◆ HOW TO COMPLETE THIS TASK:
Using the records below, give again exactly the lines from the line that contains "add: norm_divide cis_conv_exp)" through the line that contains "r) = ext_code", both ends included, and only those.
[[ DATA TO USE, beginning ]]
(* Let $(B,\nu_B)$ be as in the context and let $\varphi,\psi:B\to S^1$ be measurable maps such that (1) $\varphi_*\nu_B$ and $\psi_*\nu_B$ have no atoms; (2) the essential images of $\varphi$ and $\psi$ both equal $S^1$; (3) $o(\varphi(x),\varphi(y),\varphi(z))=o(\psi(x),\psi(y),\psi(z))$ for almost every $(x,y,z)\in B^3$. Then the essential image $F\subset S^1\times S^1$ of the map $x\mapsto(\varphi(x),\psi(x))$ is the graph of an orientation preserving homeomorphism $h:S^1\to S^1$, and $h(\varphi(x))=\psi(x)$ for almost every $x\in B$.
   Context: $(B,\nu_B)$ is a standard Lebesgue probability space (in the paper, a $G$-space for a locally compact second countable group $G$ with $\mu$-stationary, doubly ergodic, amenable action). The essential image of a measurable map into a compact metric space is the support of the pushforward of $\nu_B$. The orientation cocycle $o:(S^1)^3\to\{-1,0,1\}$ is $1$ on positively oriented triples, $-1$ on negatively oriented triples, and $0$ if the points are not pairwise distinct. *)

theory Defs
  imports "HOL-Probability.Probability"
begin

abbreviation S1 :: "complex set" where
  "S1 \<equiv> sphere 0 1"

definition ccw_angle :: "complex \<Rightarrow> complex \<Rightarrow> real" where
  "ccw_angle u v = (THE t. 0 \<le> t \<and> t < 2 * pi \<and> v = u * cis t)"

definition pos_oriented :: "complex \<Rightarrow> complex \<Rightarrow> complex \<Rightarrow> bool" where
  "pos_oriented x y z \<longleftrightarrow> x \<noteq> y \<and> y \<noteq> z \<and> x \<noteq> z \<and> ccw_angle x y < ccw_angle x z"

definition orient :: "complex \<Rightarrow> complex \<Rightarrow> complex \<Rightarrow> int" where
  "orient x y z =
     (if x = y \<or> y = z \<or> x = z then 0
      else if pos_oriented x y z then 1 else -1)"

definition measure_support :: "'a::topological_space measure \<Rightarrow> 'a set" where
  "measure_support \<mu> = {p. \<forall>U. open U \<longrightarrow> p \<in> U \<longrightarrow> emeasure \<mu> U > 0}"

definition ess_image :: "'b measure \<Rightarrow> ('b \<Rightarrow> 'a::topological_space) \<Rightarrow> 'a set" where
  "ess_image M f = measure_support (distr M borel f)"

definition orient_pres_homeo :: "(complex \<Rightarrow> complex) \<Rightarrow> bool" where
  "orient_pres_homeo h \<longleftrightarrow>
     (\<exists>g. homeomorphism S1 S1 h g) \<and>
     (\<forall>x\<in>S1. \<forall>y\<in>S1. \<forall>z\<in>S1. orient (h x) (h y) (h z) = orient x y z)"

end

theory Submission
  imports Defs
begin

text \<open>Orientation of triples on the circle is the sign of a continuous function (the
  signed area), hence locally constant at triples of distinct points. Sampling small boxes of
  positive measure around three points of the essential image F of x \<mapsto> (\<phi> x, \<psi> x)
  therefore shows that orientation agrees in both coordinates for all such triples of F.
  If (a, b) and (a, b') lay in F with b \<noteq> b', take u such that the diameter through u
  separates b from b'; as \<phi> is atomless and \<psi> has full essential image, F contains
  (x, c) and (y, d) with a, x, y distinct, c near u and d near -u, and then orient a x y would
  equal both orient b c d = 1 and orient b' c d = -1. So F is the graph of a map, by symmetry
  a bijection, continuous because F is closed in the compact S1 \<times> S1, and orientation
  preserving; finally (\<phi> x, \<psi> x) \<in> F almost surely.\<close>

definition signed_area :: "complex \<Rightarrow> complex \<Rightarrow> complex \<Rightarrow> real" where
  "signed_area x y z = Im (cnj (y - x) * (z - x))"

lemma ccw_angle_eq_Arg2pi:
  assumes "u \<in> S1" "v \<in> S1"
  shows "ccw_angle u v = Arg2pi (v / u)"
  unfolding ccw_angle_def
proof (rule the_equality)
  have u0: "u \<noteq> 0" using assms by auto
  have "v / u = cis (Arg2pi (v / u))"
    using Arg2pi_eq[of "v / u"] assms by (simp add: norm_divide cis_conv_exp)
  then have "v = u * cis (Arg2pi (v / u))" using u0 by (simp add: field_simps)
  then show "0 \<le> Arg2pi (v / u) \<and> Arg2pi (v / u) < 2 * pi \<and> v = u * cis (Arg2pi (v / u))"
    using Arg2pi by auto
next
  fix t assume t: "0 \<le> t \<and> t < 2 * pi \<and> v = u * cis t"
  then have "of_real 1 * exp (\<i> * of_real t) = v / u" using assms by (auto simp: cis_conv_exp)
  then show "t = Arg2pi (v / u)" using Arg2pi_unique[of 1 t "v / u"] t by simp
qed
lemma lincomb_ext_matrix:
  "lincomb (Suc m) (ext_matrix n x r) c = ext_vec n x (c 0) (lincomb m r (\<lambda>i. c (Suc i)))"
proof
  fix j
  show "lincomb (Suc m) (ext_matrix n x r) c j = ext_vec n x (c 0) (lincomb m r (\<lambda>i. c (Suc i))) j"
    unfolding lincomb_def[of "Suc m"] sum.lessThan_Suc_shift ext_vec_def
    by (auto simp add: dot_lincomb[unfolded lincomb_def] ext_matrix_def lincomb_def)
qed

lemma row_space_ext_matrix:
  "row_space (Suc m) (ext_matrix n x r) = ext_code n x (row_space m r)"
proof
  show "row_space (Suc m) (ext_matrix n x r) \<subseteq> ext_code n x (row_space m r)"
    unfolding row_space_def ext_code_def lincomb_ext_matrix by blast
next
  show "ext_code n x (row_space m r) \<subseteq> row_space (Suc m) (ext_matrix n x r)"
  proof
    fix v assume "v \<in> ext_code n x (row_space m r)"
    then obtain a c where v: "v = ext_vec n x a (lincomb m r c)"
      unfolding ext_code_def row_space_def by blast
    have "v = lincomb (Suc m) (ext_matrix n x r) (\<lambda>i. if i = 0 then a else c (i - 1))"
      unfolding lincomb_ext_matrix v by simp
    then show "v \<in> row_space (Suc m) (ext_matrix n x r)" unfolding row_space_def by blast
  qed
qed

lemma lin_indep_ext_matrix:
  assumes "lin_indep m r"
  shows "lin_indep (Suc m) (ext_matrix n x r)"
  unfolding lin_indep_def
proof (intro allI impI)
  fix c i
  assume "lincomb (Suc m) (ext_matrix n x r) c = (\<lambda>_. 0)" and "i < Suc m"
  then have "c 0 = 0" and "lincomb m r (\<lambda>i. c (Suc i)) = (\<lambda>_. 0)"
    unfolding lincomb_ext_matrix ext_vec_eq_zero_iff by simp_all
  with assms \<open>i < Suc m\<close> show "c i = 0"
    unfolding lin_indep_def by (cases i) auto
qed

lemma ext_matrix_in_vecs:
  "x \<in> vecs n \<Longrightarrow> \<forall>i<m. r i \<in> vecs n \<Longrightarrow> \<forall>i<Suc m. ext_matrix n x r i \<in> vecs (n + 2)"
  by (auto simp: vecs_def ext_matrix_def less_Suc_eq_0_disj)

lemma gen_matrix_ext_matrix:
  "x \<in> vecs n \<Longrightarrow> gen_matrix n V m r \<Longrightarrow>
     gen_matrix (n + 2) (ext_code n x V) (Suc m) (ext_matrix n x r)"
  unfolding gen_matrix_def using ext_matrix_in_vecs lin_indep_ext_matrix row_space_ext_matrix
  by metis

theorem theorem1:
  fixes n k l :: nat and C :: "(nat \<Rightarrow> bit) set"
    and G H :: "nat \<Rightarrow> nat \<Rightarrow> bit" and x :: "nat \<Rightarrow> bit"
  assumes "k \<le> n" and "linear_code n C" and "has_dim n C k"
    and "has_dim n (hull n C) l" and "l \<le> k"
    and "gen_matrix n C k G"
    and "parity_check_matrix n C (n - k) H"
    and "x \<in> vecs n" and "dot n x x = 1"
  shows "let G1 = ext_matrix n x G; H1 = ext_matrix n x H; C1 = row_space (k + 1) G1 in
           linear_code (n + 2) C1 \<and> gen_matrix (n + 2) C1 (k + 1) G1 \<and>
           has_dim (n + 2) (hull (n + 2) C1) (l + 1) \<and>
           parity_check_matrix (n + 2) C1 (n - k + 1) H1"
proof -
  note x = \<open>x \<in> vecs n\<close> and xx = \<open>dot n x x = 1\<close>
  have zero: "(\<lambda>_. 0) \<in> C" using \<open>linear_code n C\<close> unfolding linear_code_def by blast
  have G1: "gen_matrix (n + 2) (ext_code n x C) (Suc k) (ext_matrix n x G)"
    using gen_matrix_ext_matrix[OF x \<open>gen_matrix n C k G\<close>] .
  then have C1: "row_space (k + 1) (ext_matrix n x G) = ext_code n x C"
    unfolding gen_matrix_def by simp
  have "linear_code (n + 2) (ext_code n x C)"
    using G1 linear_code_row_space unfolding gen_matrix_def by metis
  moreover obtain B where "gen_matrix n (hull n C) l B"
    using \<open>has_dim n (hull n C) l\<close> unfolding has_dim_def by blast
  then have "has_dim (n + 2) (hull (n + 2) (ext_code n x C)) (l + 1)"
    unfolding hull_ext_code[OF x xx zero] has_dim_def using gen_matrix_ext_matrix[OF x] by auto
  moreover have "parity_check_matrix (n + 2) (ext_code n x C) (n - k + 1) (ext_matrix n x H)"
    using gen_matrix_ext_matrix[OF x \<open>parity_check_matrix n C (n - k) H\<close>[unfolded parity_check_matrix_def]]
    unfolding parity_check_matrix_def dual_ext_code[OF x xx zero] by simp
  ultimately show ?thesis unfolding Let_def C1 using G1 by simp
qed
definition weight :: "nat \<Rightarrow> (nat \<Rightarrow> bit) \<Rightarrow> nat" where
  "weight n x = card {i. i < n \<and> x i = 1}"

lemma weight_zero [simp]: "weight n (\<lambda>i. 0) = 0"
  by (simp add: weight_def)

lemma hamming_dist_eq_weight: "hamming_dist n x y = weight n (\<lambda>i. x i + y i)"
proof -
  have "x i \<noteq> y i \<longleftrightarrow> x i + y i = 1" for i
    by (cases "x i"; cases "y i") simp_all
  then show ?thesis
    by (simp add: hamming_dist_def weight_def)
qed

lemma weight_add:
  "weight n (\<lambda>i. x i + y i) + 2 * card {i. i < n \<and> x i = 1 \<and> y i = 1} = weight n x + weight n y"
proof -
  let ?X = "{i. i < n \<and> x i = 1}" and ?Y = "{i. i < n \<and> y i = 1}"
  have common: "{i. i < n \<and> x i = 1 \<and> y i = 1} = ?X \<inter> ?Y"
    by auto
  have sum: "{i. i < n \<and> x i + y i = 1} = (?X \<union> ?Y) - (?X \<inter> ?Y)"
    by (auto elim: bit.exhaust)
  have "card ?X + card ?Y = card (?X \<union> ?Y) + card (?X \<inter> ?Y)"
    by (rule card_Un_Int) auto
  moreover have "card ((?X \<union> ?Y) - (?X \<inter> ?Y)) = card (?X \<union> ?Y) - card (?X \<inter> ?Y)"
    by (rule card_Diff_subset) auto
  moreover have "card (?X \<inter> ?Y) \<le> card (?X \<union> ?Y)"
    by (rule card_mono) auto
  ultimately show ?thesis
    unfolding weight_def common sum by linarith
qed

lemma card_code_dim:
  assumes "code_dim C k"
  shows "card C = 2 ^ k"
proof -
  from assms obtain B where "finite B" and card_B: "card B = k"
    and indep: "\<forall>a. lin_comb B a = (\<lambda>i. 0) \<longrightarrow> (\<forall>b\<in>B. a b = 0)"
    and span: "C = {lin_comb B a | a. True}"
    unfolding code_dim_def by blast
  let ?P = "B \<rightarrow>\<^sub>E (UNIV :: bit set)"
  have "lin_comb B a = lin_comb B (restrict a B)" for a
    unfolding lin_comb_def by (intro ext sum.cong) simp_all
  then have image: "C = lin_comb B ` ?P"
    unfolding span by force
  have "inj_on (lin_comb B) ?P"
  proof
    fix a a' assume a: "a \<in> ?P" and a': "a' \<in> ?P" and eq: "lin_comb B a = lin_comb B a'"
    have "lin_comb B (\<lambda>b. a b + a' b) = (\<lambda>i. lin_comb B a i + lin_comb B a' i)"
      unfolding lin_comb_def by (simp only: distrib_right sum.distrib)
    also have "\<dots> = (\<lambda>i. 0)"
      unfolding eq by simp
    finally have "\<forall>b\<in>B. a b + a' b = 0"
      using indep by blast
    then have "\<forall>b\<in>B. a b = a' b"
      by (simp only: bit_add_eq_0_iff)
    with a a' show "a = a'"
      by (blast intro: PiE_ext)
  qed
  then have "card C = card ?P"
    unfolding image by (rule card_image)
  also have "\<dots> = 2 ^ k"
    using \<open>finite B\<close> card_B by (simp add: card_PiE card_UNIV_bit)
  finally show ?thesis .
qed

lemma bin_linear_code_zero: "bin_linear_code n C \<Longrightarrow> (\<lambda>i. 0) \<in> C"
  by (simp add: bin_linear_code_def)

lemma bin_linear_code_add:
  "bin_linear_code n C \<Longrightarrow> x \<in> C \<Longrightarrow> y \<in> C \<Longrightarrow> (\<lambda>i. x i + y i) \<in> C"
  by (simp add: bin_linear_code_def)

lemma finite_code_distances:
  "finite C \<Longrightarrow> finite {hamming_dist n x y | x y. x \<in> C \<and> y \<in> C \<and> x \<noteq> y}"
  by (rule finite_subset[of _ "(\<lambda>(x, y). hamming_dist n x y) ` (C \<times> C)"]) auto

lemma min_dist_le_weight:
  assumes "bin_linear_code n C" and "finite C" and "x \<in> C" and "x \<noteq> (\<lambda>i. 0)"
  shows "min_dist n C \<le> weight n x"
proof -
  have "hamming_dist n x (\<lambda>i. 0) \<in> {hamming_dist n x y | x y. x \<in> C \<and> y \<in> C \<and> x \<noteq> y}"
    using assms bin_linear_code_zero by blast
  then have "min_dist n C \<le> hamming_dist n x (\<lambda>i. 0)"
    unfolding min_dist_def by (rule Min_le[OF finite_code_distances[OF \<open>finite C\<close>]])
  then show ?thesis
    by (simp add: hamming_dist_def weight_def)
qed

lemma min_dist_attained:
  assumes "bin_linear_code n C" and "finite C" and "2 \<le> card C"
  obtains x where "x \<in> C" and "weight n x = min_dist n C"
proof -
  let ?S = "{hamming_dist n x y | x y. x \<in> C \<and> y \<in> C \<and> x \<noteq> y}"
  have "\<not> card C \<le> Suc 0"
    using assms(3) by simp
  then have "?S \<noteq> {}"
    using card_le_Suc0_iff_eq[OF \<open>finite C\<close>] by blast
  then have "Min ?S \<in> ?S"
    using Min_in[OF finite_code_distances[OF \<open>finite C\<close>]] by blast
  then obtain x y where x: "x \<in> C" and y: "y \<in> C"
    and "min_dist n C = weight n (\<lambda>i. x i + y i)"
    unfolding min_dist_def hamming_dist_eq_weight by blast
  then show ?thesis
    by (intro that[OF bin_linear_code_add[OF assms(1) x y]]) (rule sym)
qed

lemma self_orthogonal_weight_even:
  assumes "self_orthogonal n C" and "x \<in> C"
  shows "even (weight n x)"
proof -
  have "even (card {i. i < n \<and> x i = 1 \<and> x i = 1})"
    using assms unfolding self_orthogonal_def by (blast intro: even_card_common_support)
  then show ?thesis
    by (simp add: weight_def)
qed

lemma self_orthogonal_weight_add_mod_4:
  assumes "self_orthogonal n C" and "x \<in> C" and "y \<in> C"
  shows "weight n (\<lambda>i. x i + y i) mod 4 = (weight n x + weight n y) mod 4"
proof -
  have "even (card {i. i < n \<and> x i = 1 \<and> y i = 1})"
    using assms unfolding self_orthogonal_def by (blast intro: even_card_common_support)
  then obtain k where "card {i. i < n \<and> x i = 1 \<and> y i = 1} = 2 * k"
    by blast
  with weight_add[of n x y] have "weight n x + weight n y = weight n (\<lambda>i. x i + y i) + 4 * k"
    by simp
  then show ?thesis
    by simp
qed

lemma self_orthogonal_doubly_even_add_iff:
  assumes "self_orthogonal n C" and "x \<in> C" and "y \<in> C" and "\<not> 4 dvd weight n y"
  shows "4 dvd weight n (\<lambda>i. x i + y i) \<longleftrightarrow> \<not> 4 dvd weight n x"
proof -
  have "even (weight n x)" and "even (weight n y)"
    using assms self_orthogonal_weight_even by blast+
  moreover have "weight n (\<lambda>i. x i + y i) mod 4 = (weight n x + weight n y) mod 4"
    using assms(1-3) by (rule self_orthogonal_weight_add_mod_4)
  moreover have "\<And>a b c :: nat. even a \<Longrightarrow> even b \<Longrightarrow> \<not> 4 dvd b
      \<Longrightarrow> c mod 4 = (a + b) mod 4 \<Longrightarrow> 4 dvd c \<longleftrightarrow> \<not> 4 dvd a"
    by presburger
  ultimately show ?thesis
    using assms(4) by blast
qed

definition doubly_even_subcode :: "nat \<Rightarrow> (nat \<Rightarrow> bit) set \<Rightarrow> (nat \<Rightarrow> bit) set" where
  "doubly_even_subcode n C = {x \<in> C. 4 dvd weight n x}"

lemma doubly_even_subcode_add:
  assumes "bin_linear_code n C" and "self_orthogonal n C"
    and "x \<in> doubly_even_subcode n C" and "y \<in> doubly_even_subcode n C"
  shows "(\<lambda>i. x i + y i) \<in> doubly_even_subcode n C"
proof -
  have x: "x \<in> C" "4 dvd weight n x" and y: "y \<in> C" "4 dvd weight n y"
    using assms(3,4) by (simp_all add: doubly_even_subcode_def)
  have "weight n (\<lambda>i. x i + y i) mod 4 = (weight n x + weight n y) mod 4"
    using assms(2) x(1) y(1) by (rule self_orthogonal_weight_add_mod_4)
  moreover have "4 dvd weight n x + weight n y"
    using x(2) y(2) by (rule dvd_add)
  ultimately have "4 dvd weight n (\<lambda>i. x i + y i)"
    by (simp only: dvd_eq_mod_eq_0)
  with bin_linear_code_add[OF assms(1) x(1) y(1)] show ?thesis
    unfolding doubly_even_subcode_def by blast
qed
[[ DATA TO USE, end ]]
◆ RESPONSE AREA:
    using Arg2pi_eq[of "v / u"] assms by (simp add: norm_divide cis_conv_exp)
  then have "v = u * cis (Arg2pi (v / u))" using u0 by (simp add: field_simps)
  then show "0 \<le> Arg2pi (v / u) \<and> Arg2pi (v / u) < 2 * pi \<and> v = u * cis (Arg2pi (v / u))"
    using Arg2pi by auto
next
  fix t assume t: "0 \<le> t \<and> t < 2 * pi \<and> v = u * cis t"
  then have "of_real 1 * exp (\<i> * of_real t) = v / u" using assms by (auto simp: cis_conv_exp)
  then show "t = Arg2pi (v / u)" using Arg2pi_unique[of 1 t "v / u"] t by simp
qed
lemma lincomb_ext_matrix:
  "lincomb (Suc m) (ext_matrix n x r) c = ext_vec n x (c 0) (lincomb m r (\<lambda>i. c (Suc i)))"
proof
  fix j
  show "lincomb (Suc m) (ext_matrix n x r) c j = ext_vec n x (c 0) (lincomb m r (\<lambda>i. c (Suc i))) j"
    unfolding lincomb_def[of "Suc m"] sum.lessThan_Suc_shift ext_vec_def
    by (auto simp add: dot_lincomb[unfolded lincomb_def] ext_matrix_def lincomb_def)
qed

lemma row_space_ext_matrix:
  "row_space (Suc m) (ext_matrix n x r) = ext_code n x (row_space m r)"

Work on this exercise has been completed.